There’s plenty at stake Saturday when Oregon State and Washington State collide in a primetime broadcast on FOX. Both teams are ranked, undefeated and have their sights on a berth in the Pac-12 championship game.
That’s all fine and dandy. But what’s really on the line for the two schools left behind in the realignment game?
It doesn’t matter which team wins. Rather, the caliber of play matters. The TV ratings matter. The lasting impression matters as the Beavers and Cougars link arms and plot a future together.
“People can watch these teams and say, ‘They play like power conference schools, but they aren’t going to be a part of it, really?” an industry source said. “So in that case, what does it really mean to be a Power Five school? These teams aren’t, but Vanderbilt is. Boston College is. So what am I missing?”
WSU and OSU believe the only thing missing is their presence in one of the power conferences.
The Cougars have been bowl eligible for seven consecutive seasons (excluding 2020) and have drawn a larger TV audience in the playoff era than any of the schools headed to the Big 12.
The Beavers won 10 games last season, thumped Florida in the Las Vegas Bowl and are ranked just below Alabama, and just above Oklahoma, in the AP poll.
“When you talk about what Saturday means,” WSU athletic director Pat Chun said Thursday, “it’s college football at its highest level. And it’s inexplicable that these two programs are in this situation.”
The Beavers and Cougars took the Pac-12 to court earlier this month to determine the makeup of the governing board and gain access to important financial documents.
Once clarity emerges, they will select one of two paths:
— Join the Mountain West in a standard expansion move, the same way Washington and Oregon are joining the Big Ten next summer.

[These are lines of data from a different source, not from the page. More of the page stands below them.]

(* Let $\varepsilon>0$, $k>0$ and $0<\lambda\le 1$. Then $$\min\Big\{E_\varepsilon[H]:\ H\in H^1(0,\lambda),\ H\ge 0 \text{ a.e.},\ \int_0^\lambda H\,dy=1\Big\}$$ and $$\min\Big\{U_\varepsilon[h]:\ h\in H^2(0,\lambda),\ h'\ge 0\text{ a.e.},\ h(0)=0,\ h(\lambda)=1\Big\}$$ are attained by the homogeneous inverse deformation $h(y)=y/\lambda$, i.e. by the constant inverse stretch $H\equiv 1/\lambda$. The corresponding minimum values are $E_\varepsilon[1/\lambda]=U_\varepsilon[y/\lambda]=\lambda W^*(1/\lambda)=W(\lambda)$.
   Context: Standing assumptions: $W:(0,\infty)\to[0,\infty)$ is continuously differentiable, convex on $(0,1)$, has a single isolated potential well at $F=1$ with $W(1)=0$ (so $W>0$ for $F\neq1$), has a single inflection point at some $F>1$, and has a horizontal asymptote as $F\to+\infty$ (example: $W(F)=(1-F^{-1})^2$). The inverse stored energy is $W^*(H):=H\,W(1/H)$ for $H>0$, extended by $W^*(0):=0$ (its limit as $H\searrow0$); thus $W^*\ge0$ on $[0,\infty)$ with $W^*(0)=W^*(1)=0$ and $W^*>0$ otherwise. For $\varepsilon>0$, $$E_\varepsilon[H]=\int_0^\lambda\Big(\tfrac{\varepsilon^2}{2}(H')^2+W^*(H)\Big)dy,$$ $$U_\varepsilon[h]=\int_0^\lambda\Big(\tfrac{\varepsilon^2}{2}(h'')^2+W^*(h')+\tfrac{k\,h'}{2}(y-\lambda h)^2\Big)dy,$$ where $k>0$ is a constant. *)

theory Defs
  imports "HOL-Analysis.Analysis"
begin
(* The target may lie on the boundary of the simplex, where no score reaches it; the midpoint
   always lies in the range of asym_softmax. *)
lemma surr_regret_halving:
  fixes v :: "nat \<Rightarrow> real"
  assumes K: "1 < K" and supp: "set_pmf \<pi> \<subseteq> {1..K} \<times> {1..K}"
  defines "q \<equiv> \<lambda>y. (label_prob K \<pi> y + asym_softmax K v y) / 2"
    and "t \<equiv> (agree_prob K \<pi> + asym_softmax K v (K+1)) / 2"
  shows "surr_regret K \<pi> (asym_softmax_inv K q t) \<le> surr_regret K \<pi> v / 2"
proof -
  let ?\<eta> = "label_prob K \<pi>" and ?s = "asym_softmax K v"
  let ?p = "agree_prob K \<pi>" and ?r = "asym_softmax K v (K+1)"
  have r: "0 < ?r" "?r < 1"
    by (rule asym_softmax_last_pos_less_1[OF K])+
  have p: "0 \<le> ?p" "?p \<le> 1"
    using agree_prob_nonneg agree_prob_le_1[OF supp] by auto
  have q: "\<And>y. y \<in> {1..K} \<Longrightarrow> 0 < q y" "(\<Sum>y=1..K. q y) = 1"
    using K asym_softmax_pos[of _ K v] label_prob_nonneg[of K \<pi>]
      sum_label_prob[OF supp] asym_softmax_sum[of K v]
    by (auto simp: q_def sum.distrib sum_divide_distrib[symmetric] add_nonneg_pos)
  have t: "0 < t" "t < 1"
    using p r by (auto simp: t_def)
  note inv = asym_softmax_asym_softmax_inv[OF K q t]
  let ?h = "asym_softmax_inv K q t"
  have h_first: "asym_softmax K ?h y = (?\<eta> y + ?s y) / 2" if "y \<in> {1..K}" for y
    using inv(1) that unfolding q_def by simp
  have h_last: "asym_softmax K ?h (K+1) = (?p + ?r) / 2"
    using inv(2) unfolding t_def .
  have h_sum: "(\<Sum>y=1..K. kl_term (?\<eta> y) (asym_softmax K ?h y))
      = (\<Sum>y=1..K. kl_term (?\<eta> y) ((?\<eta> y + ?s y) / 2))"
    by (intro sum.cong refl) (simp only: h_first)
  have h_compl: "1 - (?p + ?r) / 2 = (1 - ?p + (1 - ?r)) / 2"
    by (simp add: field_simps)
  have "surr_regret K \<pi> ?h =
      (\<Sum>y=1..K. kl_term (?\<eta> y) ((?\<eta> y + ?s y) / 2))
      + kl_term (1 - ?p) ((1 - ?p + (1 - ?r)) / 2) + kl_term ?p ((?p + ?r) / 2)"
    unfolding surr_regret_def h_last h_sum h_compl ..
  also have "\<dots> \<le> (\<Sum>y=1..K. kl_term (?\<eta> y) (?s y) / 2)
      + kl_term (1 - ?p) (1 - ?r) / 2 + kl_term ?p ?r / 2"
    using p r label_prob_nonneg asym_softmax_pos
    by (intro add_mono sum_mono kl_term_midpoint_le) auto
  also have "\<dots> = surr_regret K \<pi> v / 2"
    unfolding surr_regret_def sum_divide_distrib[symmetric] by simp
  finally show ?thesis .
qed
definition rank_time_bound :: "('p,'o,'v) rule set \<Rightarrow> int \<Rightarrow> 'p \<Rightarrow> int" where
  "rank_time_bound \<Pi> \<tau>\<^sub>0 P = \<tau>\<^sub>0 + int (max_radius \<Pi>) * (int (rank_prog \<Pi>) - int (rank \<Pi> P))"

lemma rank_time_bound_propagates:
  assumes prog: "program srt idb \<Pi>" and acyc: "acyclic (deps \<Pi>)"
    and conn: "connected_rule r" and r: "r \<in> \<Pi>"
    and time_points_le: "\<And>i. i \<in> time_points \<Pi> \<Longrightarrow> i \<le> \<tau>\<^sub>0"
  shows "propagates_time_bound (rank_time_bound \<Pi> \<tau>\<^sub>0) r"
proof -
  have fin: "finite \<Pi>" and wf: "wf_rule srt idb r"
    using prog r unfolding program_def by auto
  let ?a = "int (max_radius \<Pi>)"
  have rank_bound: "rank \<Pi> (pred b) \<le> rank_prog \<Pi>" if "b \<in> set (body r)" for b
    using that r fin by (intro rank_le_rank_prog) (auto simp: preds_def atoms_rule_def)
  show ?thesis
  proof (rule connected_rule_propagates_time_bound[OF wf conn])
    fix b assume b: "b \<in> set (body r)"
    have "(pred (head r), pred b) \<in> deps \<Pi>" using r b unfolding deps_def by blast
    then have "?a * 1 \<le> ?a * (int (rank \<Pi> (pred (head r))) - int (rank \<Pi> (pred b)))"
      using rank_less_of_deps[OF fin acyc] by (intro mult_left_mono) fastforce+
    moreover have "rank_time_bound \<Pi> \<tau>\<^sub>0 (pred b) - rank_time_bound \<Pi> \<tau>\<^sub>0 (pred (head r))
        = ?a * (int (rank \<Pi> (pred (head r))) - int (rank \<Pi> (pred b)))"
      unfolding rank_time_bound_def by (simp add: algebra_simps)
    ultimately show "rank_time_bound \<Pi> \<tau>\<^sub>0 (pred (head r)) + int (rule_radius r)
        \<le> rank_time_bound \<Pi> \<tau>\<^sub>0 (pred b)"
      using rule_radius_le_max_radius[OF fin r] by linarith
  next
    fix b i assume "b \<in> set (body r)" "TC i \<in> set (args b)"
    then have "i \<le> \<tau>\<^sub>0" "rank \<Pi> (pred b) \<le> rank_prog \<Pi>"
      using r rank_bound time_points_le by (auto simp: time_points_def atoms_rule_def)
    moreover have "0 \<le> ?a * (int (rank_prog \<Pi>) - int (rank \<Pi> (pred b)))"
      using calculation(2) by (intro mult_nonneg_nonneg) auto
    ultimately show "i \<le> rank_time_bound \<Pi> \<tau>\<^sub>0 (pred b)"
      unfolding rank_time_bound_def by linarith
  qed
qed

lemma rank_time_bound_le_rad:
  assumes "finite \<Pi>" and "acyclic (deps \<Pi>)" and "preds \<Pi> \<noteq> {}"
  shows "rank_time_bound \<Pi> \<tau>\<^sub>0 P \<le> \<tau>\<^sub>0 + int (rad \<Pi>)"
proof -
  have "int (max_radius \<Pi>) * (int (rank_prog \<Pi>) - int (rank \<Pi> P))
      \<le> int (max_radius \<Pi>) * int (card \<Pi>)"
    using rank_prog_le_card[OF assms] by (intro mult_left_mono) auto
  then show ?thesis
    unfolding rank_time_bound_def rad_def by (simp add: mult.commute)
qed

theorem mainTheorem11:
  fixes srt :: "'p \<Rightarrow> sort list" and idb :: "'p \<Rightarrow> bool"
    and PQ :: 'p and \<Pi> :: "('p,'o,'v) rule set"
    and \<tau>a :: int and D' :: "('p,'o) gatom set" and P :: 'p and os :: "'o list" and \<tau> :: int
  assumes "query srt idb PQ \<Pi>"
    and "nonrecursive \<Pi>"
    and "\<forall>r\<in>\<Pi>. connected_rule r"
    and "dataset srt idb D'"
    and "srt P = replicate (length os) SObj @ [STime]"
    and "\<tau> \<le> Max (insert \<tau>a (time_points \<Pi>))
              + int (max_radius \<Pi>) * (int (rank_prog \<Pi>) - int (rank \<Pi> P))"
    and "entails \<Pi> D' (P, map VO os @ [VT \<tau>])"
  shows "entails \<Pi> (restrict_ds srt D' (Max (insert \<tau>a (time_points \<Pi>)) + int (rad \<Pi>)))
           (P, map VO os @ [VT \<tau>])"
proof -
  define \<tau>\<^sub>0 where "\<tau>\<^sub>0 = Max (insert \<tau>a (time_points \<Pi>))"
  let ?\<beta> = "rank_time_bound \<Pi> \<tau>\<^sub>0"
  have prog: "program srt idb \<Pi>" and "preds \<Pi> \<noteq> {}"
    using assms(1) unfolding query_def by auto
  have fin: "finite \<Pi>" using prog unfolding program_def by simp
  have acyc: "acyclic (deps \<Pi>)" using assms(2) unfolding nonrecursive_def .
  have "\<forall>r\<in>\<Pi>. propagates_time_bound ?\<beta> r"
    using rank_time_bound_propagates[OF prog acyc] assms(3) time_point_le_Max[OF fin]
    unfolding \<tau>\<^sub>0_def by blast
  moreover have "time_bounded ?\<beta> (P, map VO os @ [VT \<tau>])"
    using assms(6) unfolding time_bounded_def rank_time_bound_def \<tau>\<^sub>0_def by simp
  ultimately have "entails \<Pi> {f \<in> D'. time_bounded ?\<beta> f} (P, map VO os @ [VT \<tau>])"
    using entails_from_time_bounded_facts assms(7) by blast
  moreover have "{f \<in> D'. time_bounded ?\<beta> f} \<subseteq> restrict_ds srt D' (\<tau>\<^sub>0 + int (rad \<Pi>))"
    using time_bounded_facts_subset_restrict_ds[OF assms(4)]
      rank_time_bound_le_rad[OF fin acyc \<open>preds \<Pi> \<noteq> {}\<close>] by blast
  ultimately show ?thesis
    unfolding \<tau>\<^sub>0_def by (rule entails_mono)
qed

end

— Attempt to rebuild the Pac-12 with schools from the Mountain West and possibly other Group of Five leagues.
The renovation project carries more uncertainty but is potentially more lucrative, depending on the assets remaining in the Pac-12.
Other questions remain unresolved.
Would a rebuilt conference maintain its Power Five status for College Football Playoff access and revenue?
Would it remain an Autonomy Five conference — an NCAA designation — for legislative matters?
Would it attract a respectable media rights deal?
Competitive forces across the college football landscape are stacked against WSU and OSU on each issue.
On-field success matters — not just Saturday but throughout the season.
If the teams challenge for the Pac-12 title, hold their spots in the top-25 rankings and participate in marquee games, their case for respect and cash strengthens.
This Saturday is about every Saturday for years to come.